lemma pell_walk_to_kk:
  assumes "0 < k" "pell_walks_to_kk_bounded (Suc n) k" "a < k"
    and "x \<in> pell_vertices n k" "k # k # y \<in> pell_vertices (Suc n) k"
  obtains m where "m \<le> pell_diam_bound (Suc n) k" "pell_walk (Suc n) k m (a # x) (k # k # y)"
proof -
  have km: "k - 1 < k" using assms(1) by simp
  obtain m1 where m1: "m1 < k" "pell_walk 1 k m1 [a] [k - 1]"
    using pell_walk_letters[OF assms(3) km] .
  have "pell_walk n k 0 x x" using assms(4) by simp
  from pell_walk_append[OF m1(2) this]
  have "pell_walk (Suc n) k m1 (a # x) ((k - 1) # x)" by simp
  moreover obtain m2 where "m2 + k \<le> pell_diam_bound (Suc n) k + 1"
    "pell_walk (Suc n) k m2 ((k - 1) # x) (k # k # y)"
    using assms(2,4,5) km unfolding pell_walks_to_kk_bounded_def by fastforce
  ultimately show thesis
    using that[of "m1 + m2"] m1(1) pell_walk_trans by fastforce
qed
(* Suppose $X\subseteq\{1,\dots,n\}$ with $|X|<n$, let $x\in X$ and $y\in\{1,\dots,n\}-X$, and assume $n\geq 2$. Let $C(X,x,y)$ be the chain complex with $C(X,x,y)_k=\mathcal P_n/J_{X-\{x\}}$ for every $k\geq 0$, whose differential $C_{k}\to C_{k-1}$ is right multiplication by $1-T_xV_{xy}$ when $k$ is odd and by $T_xV_{xy}$ when $k\geq 2$ is even, augmented by $C_0=\mathcal P_n/J_{X-\{x\}}\to\mathcal A_{X,x}$, right multiplication by $T_x$. Then $C(X,x,y)\to\mathcal A_{X,x}$ is a resolution (the augmented complex is exact), and $\mathbb 1\otimes_{\mathcal P_n}C(X,x,y)\to\mathbb 1\otimes_{\mathcal P_n}\mathcal A_{X,x}$ is also a resolution.
   Context: $R$ is a commutative ring, $\delta\in R$, and $\mathcal P_n=\mathcal P_n(R,\delta)$ is the partition algebra: the free $R$-module on set partitions ("diagrams") of $\{-n,\dots,-1,1,\dots,n\}$ (negative = left nodes, positive = right nodes), with product by stacking (identifying right nodes of the first diagram with left nodes of the second), taking the induced partition on outer nodes, and multiplying by $\delta$ for each component consisting only of middle nodes. $\mathbb 1$ is the trivial right module $R$ on which permutation diagrams (blocks all of the form $\{-i,j\}$) act as the identity and other diagrams as $0$. For $Z\subseteq\{1,\dots,n\}$, $J_Z$ is the left ideal spanned by diagrams in which among the right nodes labelled by $Z$ there is a singleton block or two distinct nodes in the same block. $A_x$ is the left submodule spanned by diagrams with the right node $x$ a singleton, and $\mathcal A_{X,x}=A_x/(A_x\cap J_{X-\{x\}})$. $T_x$ is the diagram with blocks $\{-j,j\}$ for $j\neq x$ and singletons $\{-x\},\{x\}$; for $x\neq y$, $V_{xy}$ is the diagram with blocks $\{-k,k\}$ for $k\neq x,y$ and the block $\{-x,-y,x,y\}$. (Right multiplication by these elements is well defined on the quotients involved.) *)

theory Defs
  imports Main "HOL-Library.Disjoint_Sets"
begin

text \<open>Nodes: left nodes -n..-1, right nodes 1..n (as integers).
  A diagram is a set partition of the nodes (a set of blocks).\<close>

definition nodes :: "nat \<Rightarrow> int set" where
  "nodes n = {- int n .. -1} \<union> {1 .. int n}"

definition diagrams :: "nat \<Rightarrow> int set set set" where
  "diagrams n = {d. partition_on (nodes n) d}"

text \<open>Stacking d1 on top of d2: right nodes of d1 are identified with left nodes of d2.
  Layer 0 = left nodes of d1, layer 1 = middle, layer 2 = right nodes of d2.\<close>

definition emb1 :: "int \<Rightarrow> nat \<times> int" where
  "emb1 i = (if i < 0 then (0, - i) else (1, i))"

definition emb2 :: "int \<Rightarrow> nat \<times> int" where
  "emb2 i = (if i < 0 then (1, - i) else (2, i))"

definition stack_rel :: "int set set \<Rightarrow> int set set \<Rightarrow> ((nat \<times> int) \<times> (nat \<times> int)) set" where
  "stack_rel d1 d2 = (\<Union>B\<in>d1. emb1 ` B \<times> emb1 ` B) \<union> (\<Union>B\<in>d2. emb2 ` B \<times> emb2 ` B)"

definition stack_nodes :: "nat \<Rightarrow> (nat \<times> int) set" where
  "stack_nodes n = {0, 1, 2} \<times> {1 .. int n}"

definition stack_comps :: "nat \<Rightarrow> int set set \<Rightarrow> int set set \<Rightarrow> (nat \<times> int) set set" where
  "stack_comps n d1 d2 = stack_nodes n // ((stack_rel d1 d2)\<^sup>*)"

definition unemb :: "nat \<times> int \<Rightarrow> int" where
  "unemb p = (if fst p = 0 then - snd p else snd p)"

definition dcomp :: "nat \<Rightarrow> int set set \<Rightarrow> int set set \<Rightarrow> int set set" where
  "dcomp n d1 d2 = {unemb ` (C \<inter> {p. fst p \<noteq> 1}) | C. C \<in> stack_comps n d1 d2 \<and> C \<inter> {p. fst p \<noteq> 1} \<noteq> {}}"

definition dloops :: "nat \<Rightarrow> int set set \<Rightarrow> int set set \<Rightarrow> nat" where
  "dloops n d1 d2 = card {C \<in> stack_comps n d1 d2. C \<subseteq> {p. fst p = 1}}"

text \<open>Elements of P_n: R-valued functions on diagrams supported on diagrams of size n
  (the free R-module on the diagrams).\<close>

definition palg :: "nat \<Rightarrow> (int set set \<Rightarrow> 'r::comm_ring_1) set" where
  "palg n = {f. \<forall>d. d \<notin> diagrams n \<longrightarrow> f d = 0}"

definition basis :: "int set set \<Rightarrow> int set set \<Rightarrow> 'r::comm_ring_1" where
  "basis d = (\<lambda>e. if e = d then 1 else 0)"

definition pmult :: "nat \<Rightarrow> 'r::comm_ring_1 \<Rightarrow> (int set set \<Rightarrow> 'r) \<Rightarrow> (int set set \<Rightarrow> 'r) \<Rightarrow> (int set set \<Rightarrow> 'r)" where
  "pmult n \<delta> f g = (\<lambda>d. \<Sum>d1\<in>diagrams n. \<Sum>d2\<in>diagrams n.
      if dcomp n d1 d2 = d then f d1 * g d2 * \<delta> ^ dloops n d1 d2 else 0)"

definition padd :: "('a \<Rightarrow> 'r::comm_ring_1) \<Rightarrow> ('a \<Rightarrow> 'r) \<Rightarrow> ('a \<Rightarrow> 'r)" where
  "padd f g = (\<lambda>d. f d + g d)"

definition psub :: "('a \<Rightarrow> 'r::comm_ring_1) \<Rightarrow> ('a \<Rightarrow> 'r) \<Rightarrow> ('a \<Rightarrow> 'r)" where
  "psub f g = (\<lambda>d. f d - g d)"

definition idd :: "nat \<Rightarrow> int set set" where
  "idd n = {{- j, j} | j. j \<in> {1 .. int n}}"

definition Tdiag :: "nat \<Rightarrow> int \<Rightarrow> int set set" where
  "Tdiag n x = {{- j, j} | j. j \<in> {1 .. int n} \<and> j \<noteq> x} \<union> {{- x}, {x}}"

definition Vdiag :: "nat \<Rightarrow> int \<Rightarrow> int \<Rightarrow> int set set" where
  "Vdiag n x y = {{- k, k} | k. k \<in> {1 .. int n} \<and> k \<noteq> x \<and> k \<noteq> y} \<union> {{- x, - y, x, y}}"

text \<open>Permutation diagrams and the trivial module: diagrams act on 1 via eps.\<close>
definition is_perm :: "int set set \<Rightarrow> bool" where
  "is_perm d = (\<forall>B\<in>d. \<exists>i j. i > 0 \<and> j > 0 \<and> B = {- i, j})"

definition eps :: "int set set \<Rightarrow> 'r::comm_ring_1" where
  "eps d = (if is_perm d then 1 else 0)"

definition jdiag :: "int set \<Rightarrow> int set set \<Rightarrow> bool" where
  "jdiag Z d = ((\<exists>z\<in>Z. {z} \<in> d) \<or> (\<exists>z1\<in>Z. \<exists>z2\<in>Z. z1 \<noteq> z2 \<and> (\<exists>B\<in>d. z1 \<in> B \<and> z2 \<in> B)))"

definition Jideal :: "nat \<Rightarrow> int set \<Rightarrow> (int set set \<Rightarrow> 'r::comm_ring_1) set" where
  "Jideal n Z = {f \<in> palg n. \<forall>d. f d \<noteq> 0 \<longrightarrow> jdiag Z d}"

definition Aspan :: "nat \<Rightarrow> int \<Rightarrow> (int set set \<Rightarrow> 'r::comm_ring_1) set" where
  "Aspan n x = {f \<in> palg n. \<forall>d. f d \<noteq> 0 \<longrightarrow> {x} \<in> d}"
lemma lens_param_exp_in_Ga:
  assumes "0 < a" "a < pi" "a/2 < Im \<zeta>" "Im \<zeta> < a"
  shows "lens_param (cis a) (cis (-a)) (exp \<zeta>) \<in> Ga a"
proof -
  have "1 + exp \<zeta> \<noteq> 0" using assms by (intro one_plus_exp_nonzero) auto
  hence "(cis a - lens_param (cis a) (cis (-a)) (exp \<zeta>))
           / (lens_param (cis a) (cis (-a)) (exp \<zeta>) - cis (-a)) = exp \<zeta>"
    using cis_ne_cis_minus[OF assms(1,2)] by (rule lens_param_ratio)
  moreover have "Arg (exp \<zeta>) = Im \<zeta>" using assms by (intro Arg_exp) auto
  ultimately show ?thesis using assms(3,4) by (simp add: Ga_def)
qed

lemma Ga_norm_le_two:
  assumes "0 < a" "a < 1" "z \<in> Ga a"
  shows "norm z \<le> 2"
proof -
  define w where "w = (cis a - z) / (z - cis (-a))"
  have arg: "a/2 < Arg w" "Arg w < a" using assms(3) by (auto simp: Ga_def w_def)
  hence "w \<noteq> 0" using assms by (auto simp: Arg_zero)
  hence "z \<noteq> cis (-a)" by (auto simp: w_def)
  moreover have "cis a \<noteq> cis (-a)" using assms pi_gt3 by (intro cis_ne_cis_minus) auto
  moreover have "0 \<le> cos (Arg w)" using arg assms pi_gt3 by (intro cos_ge_zero) auto
  hence "0 \<le> Re w" using \<open>w \<noteq> 0\<close> by (simp add: cos_Arg zero_le_divide_iff)
  ultimately show ?thesis
    using norm_lens_param_le_two[of "cis a" "cis (-a)" w] lens_param_inverse
    by (simp add: w_def)
qed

## YOUR GOAL
Above is a listing; print exactly its lines from the one with "d = (\<lambda>e." through the one with "(int set set \<Rightarrow> 'r) \<Rightarrow> (int", and no other lines.

## RESULT FOR THIS TASK
  "basis d = (\<lambda>e. if e = d then 1 else 0)"

definition pmult :: "nat \<Rightarrow> 'r::comm_ring_1 \<Rightarrow> (int set set \<Rightarrow> 'r) \<Rightarrow> (int set set \<Rightarrow> 'r) \<Rightarrow> (int set set \<Rightarrow> 'r)" where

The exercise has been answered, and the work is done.